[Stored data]
--- --- ---
section \<open>Connections of roots\<close>

text \<open>A connection is encoded by its partial sums: the odd ones form a chain of
  \<open>root_step\<close>s from \<open>\<alpha>\<close> to \<open>\<beta>\<close> or \<open>-\<beta>\<close>, each step passing through the even partial sum
  \<open>m \<in> \<Lambda>0\<close> between two odd ones.\<close>

definition root_step :: "('v L0 \<Rightarrow> 'k) \<Rightarrow> ('v L0 \<Rightarrow> 'k) \<Rightarrow> bool" where
  "root_step \<rho> \<rho>' \<longleftrightarrow> \<rho> \<in> \<Lambda>1 \<and> \<rho>' \<in> \<Lambda>1 \<and> (\<exists>m\<in>\<Lambda>0. m - \<rho> \<in> insert 0 \<Lambda>1 \<and> \<rho>' - m \<in> insert 0 \<Lambda>1)"

definition is_connection :: "nat \<Rightarrow> (nat \<Rightarrow> 'v L0 \<Rightarrow> 'k) \<Rightarrow> bool" where
  "is_connection n a \<longleftrightarrow> (\<forall>i\<in>{1..2*n+1}. a i \<in> insert 0 \<Lambda>1)
     \<and> (\<forall>k\<in>{0..n}. (\<Sum>i=1..2*k+1. a i) \<in> \<Lambda>1) \<and> (\<forall>k\<in>{1..n}. (\<Sum>i=1..2*k. a i) \<in> \<Lambda>0)"

abbreviation "conn \<equiv> connected_roots sc tp H"
abbreviation "cls \<equiv> conn_class sc tp H"

lemma conn_iff_is_connection:
  "conn \<alpha> \<beta> \<longleftrightarrow> (\<exists>n a. is_connection n a \<and> a 1 = \<alpha> \<and> (\<Sum>i=1..2*n+1. a i) \<in> {\<beta>, - \<beta>})"
  unfolding connected_roots_def is_connection_def by blast

lemma is_connection_rtranclp: "is_connection n a \<Longrightarrow> root_step\<^sup>*\<^sup>* (a 1) (\<Sum>i=1..2*n+1. a i)"
proof (induction n)
  case 0
  show ?case by simp
next
  case (Suc n)
  let ?S = "\<lambda>j. \<Sum>i=1..j. a i"
  have A: "\<forall>i\<in>{1..2*Suc n+1}. a i \<in> insert 0 \<Lambda>1" and B: "\<forall>k\<in>{0..Suc n}. ?S (2*k+1) \<in> \<Lambda>1"
    and C: "\<forall>k\<in>{1..Suc n}. ?S (2*k) \<in> \<Lambda>0"
    using Suc.prems unfolding is_connection_def by blast+
  have "is_connection n a"
    using A B C unfolding is_connection_def by auto
  moreover have "root_step (?S (2*n+1)) (?S (2*Suc n+1))"
    unfolding root_step_def
  proof (intro conjI bexI)
    show "?S (2*n+1) \<in> \<Lambda>1" "?S (2*Suc n+1) \<in> \<Lambda>1" "?S (2*Suc n) \<in> \<Lambda>0"
      by (rule B[rule_format] C[rule_format]; simp)+
    have "?S (2*Suc n) - ?S (2*n+1) = a (2*n+2)" "?S (2*Suc n+1) - ?S (2*Suc n) = a (2*n+3)"
      by (simp_all add: numeral_3_eq_3)
    then show "?S (2*Suc n) - ?S (2*n+1) \<in> insert 0 \<Lambda>1" "?S (2*Suc n+1) - ?S (2*Suc n) \<in> insert 0 \<Lambda>1"
      using A by auto
  qed
  ultimately show ?case
    using Suc.IH rtranclp.rtrancl_into_rtrancl by metis
qed

lemma is_connection_extend:
  assumes a: "is_connection n a" and \<rho>: "(\<Sum>i=1..2*n+1. a i) = \<rho>" and step: "root_step \<rho> \<rho>'"
  shows "\<exists>b. is_connection (Suc n) b \<and> b 1 = a 1 \<and> (\<Sum>i=1..2*Suc n+1. b i) = \<rho>'"
proof -
  obtain m where m: "m \<in> \<Lambda>0" "m - \<rho> \<in> insert 0 \<Lambda>1" "\<rho>' - m \<in> insert 0 \<Lambda>1"
    using step unfolding root_step_def by blast
  define b where "b = a(2*n+2 := m - \<rho>, 2*n+3 := \<rho>' - m)"
  have b_prefix: "(\<Sum>i=1..j. b i) = (\<Sum>i=1..j. a i)" if "j \<le> 2*n+1" for j
    using that by (intro sum.cong) (auto simp: b_def)
  have b_m: "(\<Sum>i=1..2*Suc n. b i) = m"
    using b_prefix[of "2*n+1"] \<rho> by (simp add: b_def)
  have b_\<rho>': "(\<Sum>i=1..2*Suc n+1. b i) = \<rho>'"
    using b_m by (simp add: b_def)
  have "is_connection (Suc n) b"
    unfolding is_connection_def
  proof (intro conjI ballI)
    fix i assume "i \<in> {1..2*Suc n+1}"
    then show "b i \<in> insert 0 \<Lambda>1"
      using a m by (auto simp: b_def is_connection_def)
  next
    fix k assume k: "k \<in> {0..Suc n}"
    show "(\<Sum>i=1..2*k+1. b i) \<in> \<Lambda>1"
    proof (cases "k = Suc n")
      case True
      then have "(\<Sum>i=1..2*k+1. b i) = \<rho>'" using b_\<rho>' by (simp only:)
      then show ?thesis using step by (simp add: root_step_def)
    next
      case False
      then show ?thesis using k a b_prefix[of "2*k+1"] by (simp add: is_connection_def)
    qed
  next
    fix k assume k: "k \<in> {1..Suc n}"
    show "(\<Sum>i=1..2*k. b i) \<in> \<Lambda>0"
    proof (cases "k = Suc n")
      case True
      then have "(\<Sum>i=1..2*k. b i) = m" using b_m by (simp only:)
      then show ?thesis using m(1) by simp
    next
      case False
      then show ?thesis using k a b_prefix[of "2*k"] by (simp add: is_connection_def)
    qed
  qed
  moreover have "b 1 = a 1" by (simp add: b_def)
  ultimately show ?thesis
    using b_\<rho>' by blast
qed
lemma partial_hom_span_insert:
  assumes M: "partial_hom V M" and y: "y \<in> V" and V: "int_module.subspace V"
    and compatible: "\<And>n. zmul n x \<in> Domain M \<Longrightarrow> (zmul n x, zmul n y) \<in> M"
  shows "partial_hom V (int_module.span (insert (x, y) M))"
proof -
  have sM: "int_module.subspace M" and svM: "single_valued M" and sndM: "snd ` M \<subseteq> V"
    using M by (auto simp: partial_hom_def)
  have span_M: "int_module.span M = M" using sM by simp
  have mem: "p \<in> int_module.span (insert (x, y) M) \<longleftrightarrow> (\<exists>k. p - zmul k (x, y) \<in> M)" for p
    by (simp only: int_module.span_breakdown_eq span_M)
  have "snd p \<in> V" if p: "p \<in> int_module.span (insert (x, y) M)" for p
  proof -
    obtain k where "p - zmul k (x, y) \<in> M" using mem p by blast
    then have "snd (p - zmul k (x, y)) \<in> V" using sndM by blast
    then have "snd p - zmul k y \<in> V" by (simp add: zmul_Pair)
    then have "(snd p - zmul k y) + zmul k y \<in> V"
      by (rule int_module.subspace_add[OF V _ int_module.subspace_scale[OF V y]])
    then show ?thesis by simp
  qed
  moreover have "v = 0" if v: "(0, v) \<in> int_module.span (insert (x, y) M)" for v
  proof -
    obtain k where "(0, v) - zmul k (x, y) \<in> M" using mem v by blast
    then have in_M: "(zmul (- k) x, v + zmul (- k) y) \<in> M" by (simp add: zmul_Pair)
    then have "(zmul (- k) x, zmul (- k) y) \<in> M" using compatible[of "- k"] by blast
    then have "v + zmul (- k) y = zmul (- k) y" using single_valuedD[OF svM in_M] by blast
    then show "v = 0" by simp
  qed
  moreover have "int_module.subspace (int_module.span (insert (x, y) M))"
    by (rule int_module.subspace_span)
  ultimately show ?thesis
    unfolding partial_hom_def using single_valued_subspace_iff by blast
qed

lemma pow2_dvd_if_multiple_in_subgroup:
  assumes D: "int_module.subspace D" and n: "zmul n x \<in> D" and e: "zmul (2 ^ e) x \<in> D"
    and least: "\<And>j. j < e \<Longrightarrow> zmul (2 ^ j) x \<notin> D"
  shows "2 ^ e dvd n"
proof -
  obtain u v where uv: "u * n + v * 2 ^ e = gcd n (2 ^ e)" using bezout_int by blast
  have "zmul (gcd n (2 ^ e)) x = zmul u (zmul n x) + zmul v (zmul (2 ^ e) x)"
    by (simp add: uv[symmetric] int_module.scale_left_distrib)
  moreover have "zmul u (zmul n x) + zmul v (zmul (2 ^ e) x) \<in> D"
    by (rule int_module.subspace_add[OF D int_module.subspace_scale[OF D n] int_module.subspace_scale[OF D e]])
  ultimately have gcd_in: "zmul (gcd n (2 ^ e)) x \<in> D" by simp
  obtain j where "j \<le> e" and j: "gcd n (2 ^ e) = 2 ^ j"
    using divides_primepow[OF two_is_prime, of "gcd n (2 ^ e)" e] by auto
  then have "j = e" using least[of j] gcd_in j by force
  then show ?thesis using j gcd_dvd1[of n "2 ^ e"] by simp
qed

lemma halve_pow:
  assumes halve: "\<And>v. v \<in> V \<Longrightarrow> \<exists>w\<in>V. w + w = v" and "v \<in> V"
  shows "\<exists>w\<in>V. zmul (2 ^ e) w = v"
  using \<open>v \<in> V\<close>
proof (induction e arbitrary: v)
  case (Suc e)
  then obtain w1 where "w1 \<in> V" "w1 + w1 = v" using halve by blast
  moreover obtain w where "w \<in> V" "zmul (2 ^ e) w = w1" using Suc.IH \<open>w1 \<in> V\<close> by blast
  ultimately have "zmul (2 ^ Suc e) w = v"
    by (metis int_module.scale_scale power_Suc zmul_2)
  then show ?case using \<open>w \<in> V\<close> by blast
qed (simp add: zmul_1)
(* Let $g\ge2$, let $q_i(x,y)=a_ix^2+2b_ixy+c_iy^2$ ($i=1,\ldots,g$) be integer binary quadratic forms, irreducible over the integers, with $a_i\equiv1\pmod4$, and let $D:=\prod_{p\le2g}p\prod_{k}a_kc_k\delta_k\prod_{i<j}\operatorname{Res}(q_i,q_j)$, assumed nonzero. Then for every prime $p$ and all non-negative integers $e_1,\ldots,e_g$, $$\rho^*(p^{e_1},\ldots,p^{e_g})\ll p^{\max(e_1,\ldots,e_g)},$$ with implied constant depending only on the forms; and if $p\nmid D$ then $\rho^*(p^{e_1},\ldots,p^{e_g})=0$ whenever $e_i>0$ and $e_j>0$ for some $i\ne j$.
   Context: $\delta_k$ is the discriminant of $q_k$ and $\operatorname{Res}$ the resultant. For positive integers $d_1,\ldots,d_g$: $\Lambda_{\mathbf d}:=\{\mathbf x\in\mathbb Z^2:d_i\mid q_i(\mathbf x)\ \forall i\}$, $\Lambda^*_{\mathbf d}:=\{\mathbf x\in\Lambda_{\mathbf d}:\gcd(x_1,x_2,d_1\cdots d_g)=1\}$, and $\rho^*(\mathbf d):=\#(\Lambda^*_{\mathbf d}\cap[0,d_1\cdots d_g)^2)$. *)

theory Defs
  imports "HOL-Computational_Algebra.Computational_Algebra"
begin

definition qf :: "int \<Rightarrow> int \<Rightarrow> int \<Rightarrow> int \<Rightarrow> int \<Rightarrow> int" where
  "qf a b c x y = a * x^2 + 2 * b * x * y + c * y^2"
lemma mlp_eval_lipschitz:
  assumes "layers \<noteq> []" and "length dims = length layers + 1"
  shows "\<exists>K\<ge>0. \<forall>z z'. \<bar>mlp_eval dims layers z i - mlp_eval dims layers z' i\<bar>
           \<le> K * (\<Sum>j<hd dims. \<bar>z j - z' j\<bar>)"
  using assms
proof (induction layers arbitrary: dims i rule: induct_list012)
  case (2 Lay)
  then obtain N Ns where "dims = N # Ns"
    by (cases dims) auto
  then show ?case
    by (intro exI[of _ "\<Sum>j<N. \<bar>fst Lay i j\<bar>"]) (auto intro: affine_dist_le)
next
  case (3 Lay Lay' Lays)
  then obtain N Ns where dims: "dims = N # Ns" and "length Ns = length (Lay' # Lays) + 1"
    by (cases dims) auto
  then obtain K where "K \<ge> 0" and K: "\<And>u u'. \<bar>mlp_eval Ns (Lay' # Lays) u i - mlp_eval Ns (Lay' # Lays) u' i\<bar>
      \<le> K * (\<Sum>j<hd Ns. \<bar>u j - u' j\<bar>)"
    using "3.IH"(2) by blast
  define c where "c j = (\<Sum>k<N. \<bar>fst Lay j k\<bar>)" for j
  show ?case
  proof (intro exI[of _ "K * (\<Sum>j<hd Ns. c j)"] conjI allI)
    show "K * (\<Sum>j<hd Ns. c j) \<ge> 0"
      using \<open>K \<ge> 0\<close> by (simp add: c_def sum_nonneg)
    fix z z'
    have "(\<Sum>j<hd Ns. \<bar>relu (affine N Lay z) j - relu (affine N Lay z') j\<bar>)
        \<le> (\<Sum>j<hd Ns. c j * (\<Sum>k<N. \<bar>z k - z' k\<bar>))"
      unfolding c_def by (intro sum_mono order_trans[OF relu_dist_le affine_dist_le])
    then show "\<bar>mlp_eval dims (Lay # Lay' # Lays) z i - mlp_eval dims (Lay # Lay' # Lays) z' i\<bar>
        \<le> K * (\<Sum>j<hd Ns. c j) * (\<Sum>j<hd dims. \<bar>z j - z' j\<bar>)"
      using K[of "relu (affine N Lay z)" "relu (affine N Lay z')"] \<open>K \<ge> 0\<close> dims
      by (simp add: sum_distrib_right[symmetric] mult.assoc order_trans[OF _ mult_left_mono])
  qed
qed simp

lemma norm_from_coords_diff_le:
  "norm (from_coords v - from_coords v' :: 'v::euclidean_space) \<le> (\<Sum>j<DIM('v). \<bar>v j - v' j\<bar>)"
proof -
  have "norm (from_coords v - from_coords v' :: 'v) = norm (\<Sum>j<DIM('v). (v j - v' j) *\<^sub>R (basis_enum j :: 'v))"
    by (simp add: from_coords_def scaleR_diff_left sum_subtractf)
  also have "\<dots> \<le> (\<Sum>j<DIM('v). norm ((v j - v' j) *\<^sub>R (basis_enum j :: 'v)))"
    by (rule norm_sum)
  also have "\<dots> = (\<Sum>j<DIM('v). \<bar>v j - v' j\<bar>)"
    using bij_betw_apply[OF bij_betw_basis_enum[where 'v='v]] by (intro sum.cong) auto
  finally show ?thesis .
qed

lemma to_coords_dist_le: "\<bar>to_coords z j - to_coords z' j\<bar> \<le> dist z z'"
  using Basis_le_norm[OF bij_betw_apply[OF bij_betw_basis_enum], of _ "z - z'"]
  by (simp add: to_coords_def dist_norm inner_diff_left)

lemma mlp_fun_lipschitz:
  assumes "relu_mlp_arch TYPE('v::euclidean_space) dims layers"
  shows "\<exists>K. K-lipschitz_on UNIV (mlp_fun dims layers :: 'v \<Rightarrow> 'v)"
proof -
  have "\<forall>i. \<exists>K\<ge>0. \<forall>z z'. \<bar>mlp_eval dims layers z i - mlp_eval dims layers z' i\<bar>
      \<le> K * (\<Sum>j<DIM('v). \<bar>z j - z' j\<bar>)"
    using mlp_eval_lipschitz[of layers dims] assms by (simp add: relu_mlp_arch_def)
  then obtain K where K0: "\<And>i. K i \<ge> 0" and K: "\<And>i z z'. \<bar>mlp_eval dims layers z i - mlp_eval dims layers z' i\<bar>
      \<le> K i * (\<Sum>j<DIM('v). \<bar>z j - z' j\<bar>)"
    unfolding choice_iff by blast
  have "(DIM('v) * (\<Sum>i<DIM('v). K i))-lipschitz_on UNIV (mlp_fun dims layers :: 'v \<Rightarrow> 'v)"
  proof (rule lipschitz_onI)
    fix z z' :: 'v
    have "dist (mlp_fun dims layers z) (mlp_fun dims layers z')
        \<le> (\<Sum>i<DIM('v). \<bar>mlp_eval dims layers (to_coords z) i - mlp_eval dims layers (to_coords z') i\<bar>)"
      unfolding mlp_fun_def dist_norm by (rule norm_from_coords_diff_le)
    also have "\<dots> \<le> (\<Sum>i<DIM('v). K i * (\<Sum>j<DIM('v). \<bar>to_coords z j - to_coords z' j\<bar>))"
      by (intro sum_mono K)
    also have "\<dots> \<le> (\<Sum>i<DIM('v). K i * (\<Sum>j<DIM('v). dist z z'))"
      by (intro sum_mono mult_left_mono K0 to_coords_dist_le)
    finally show "dist (mlp_fun dims layers z) (mlp_fun dims layers z') \<le> DIM('v) * (\<Sum>i<DIM('v). K i) * dist z z'"
      by (simp add: sum_distrib_right[symmetric] mult_ac)
  qed (simp add: sum_nonneg K0)
  then show ?thesis ..
qed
--- --- ---
* [TASK TO CARRY OUT]:
Each line carrying the string "sndM" should be copied out from the entries.

* [RESPONSE]:
  have sM: "int_module.subspace M" and svM: "single_valued M" and sndM: "snd ` M \<subseteq> V"
    then have "snd (p - zmul k (x, y)) \<in> V" using sndM by blast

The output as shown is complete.